■ WORK REQUIRED ■
Output the data below in full, character for character.
*** Opening INFORMATION SUPPLIED ***
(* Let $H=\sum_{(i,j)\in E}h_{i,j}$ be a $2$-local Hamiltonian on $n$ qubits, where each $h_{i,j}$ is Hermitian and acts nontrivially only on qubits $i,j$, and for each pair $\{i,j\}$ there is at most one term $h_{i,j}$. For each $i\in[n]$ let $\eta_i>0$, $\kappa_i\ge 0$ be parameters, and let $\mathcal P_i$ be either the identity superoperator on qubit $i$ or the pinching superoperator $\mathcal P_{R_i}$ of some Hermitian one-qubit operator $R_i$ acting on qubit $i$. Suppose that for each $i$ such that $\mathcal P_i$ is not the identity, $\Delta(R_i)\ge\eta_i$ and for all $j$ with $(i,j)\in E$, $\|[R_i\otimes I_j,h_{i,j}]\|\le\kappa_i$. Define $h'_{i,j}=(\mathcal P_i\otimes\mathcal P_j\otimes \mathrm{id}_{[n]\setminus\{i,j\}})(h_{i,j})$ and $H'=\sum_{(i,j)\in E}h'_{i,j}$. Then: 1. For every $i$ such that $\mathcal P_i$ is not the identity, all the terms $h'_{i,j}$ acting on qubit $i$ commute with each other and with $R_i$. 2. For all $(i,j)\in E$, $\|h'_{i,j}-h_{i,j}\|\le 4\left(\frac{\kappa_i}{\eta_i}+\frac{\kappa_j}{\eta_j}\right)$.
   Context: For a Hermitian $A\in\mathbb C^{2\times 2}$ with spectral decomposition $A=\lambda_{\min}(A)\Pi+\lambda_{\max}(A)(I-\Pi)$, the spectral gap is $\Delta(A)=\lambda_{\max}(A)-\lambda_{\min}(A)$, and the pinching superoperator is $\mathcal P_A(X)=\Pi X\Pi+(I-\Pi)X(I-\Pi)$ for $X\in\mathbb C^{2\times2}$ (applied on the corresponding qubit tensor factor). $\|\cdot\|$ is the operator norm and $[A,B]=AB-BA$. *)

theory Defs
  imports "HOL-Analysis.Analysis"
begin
*** Closing INFORMATION SUPPLIED ***
■ WRITTEN REPLY ■
(* Let $H=\sum_{(i,j)\in E}h_{i,j}$ be a $2$-local Hamiltonian on $n$ qubits, where each $h_{i,j}$ is Hermitian and acts nontrivially only on qubits $i,j$, and for each pair $\{i,j\}$ there is at most one term $h_{i,j}$. For each $i\in[n]$ let $\eta_i>0$, $\kappa_i\ge 0$ be parameters, and let $\mathcal P_i$ be either the identity superoperator on qubit $i$ or the pinching superoperator $\mathcal P_{R_i}$ of some Hermitian one-qubit operator $R_i$ acting on qubit $i$. Suppose that for each $i$ such that $\mathcal P_i$ is not the identity, $\Delta(R_i)\ge\eta_i$ and for all $j$ with $(i,j)\in E$, $\|[R_i\otimes I_j,h_{i,j}]\|\le\kappa_i$. Define $h'_{i,j}=(\mathcal P_i\otimes\mathcal P_j\otimes \mathrm{id}_{[n]\setminus\{i,j\}})(h_{i,j})$ and $H'=\sum_{(i,j)\in E}h'_{i,j}$. Then: 1. For every $i$ such that $\mathcal P_i$ is not the identity, all the terms $h'_{i,j}$ acting on qubit $i$ commute with each other and with $R_i$. 2. For all $(i,j)\in E$, $\|h'_{i,j}-h_{i,j}\|\le 4\left(\frac{\kappa_i}{\eta_i}+\frac{\kappa_j}{\eta_j}\right)$.
   Context: For a Hermitian $A\in\mathbb C^{2\times 2}$ with spectral decomposition $A=\lambda_{\min}(A)\Pi+\lambda_{\max}(A)(I-\Pi)$, the spectral gap is $\Delta(A)=\lambda_{\max}(A)-\lambda_{\min}(A)$, and the pinching superoperator is $\mathcal P_A(X)=\Pi X\Pi+(I-\Pi)X(I-\Pi)$ for $X\in\mathbb C^{2\times2}$ (applied on the corresponding qubit tensor factor). $\|\cdot\|$ is the operator norm and $[A,B]=AB-BA$. *)

theory Defs
  imports "HOL-Analysis.Analysis"
begin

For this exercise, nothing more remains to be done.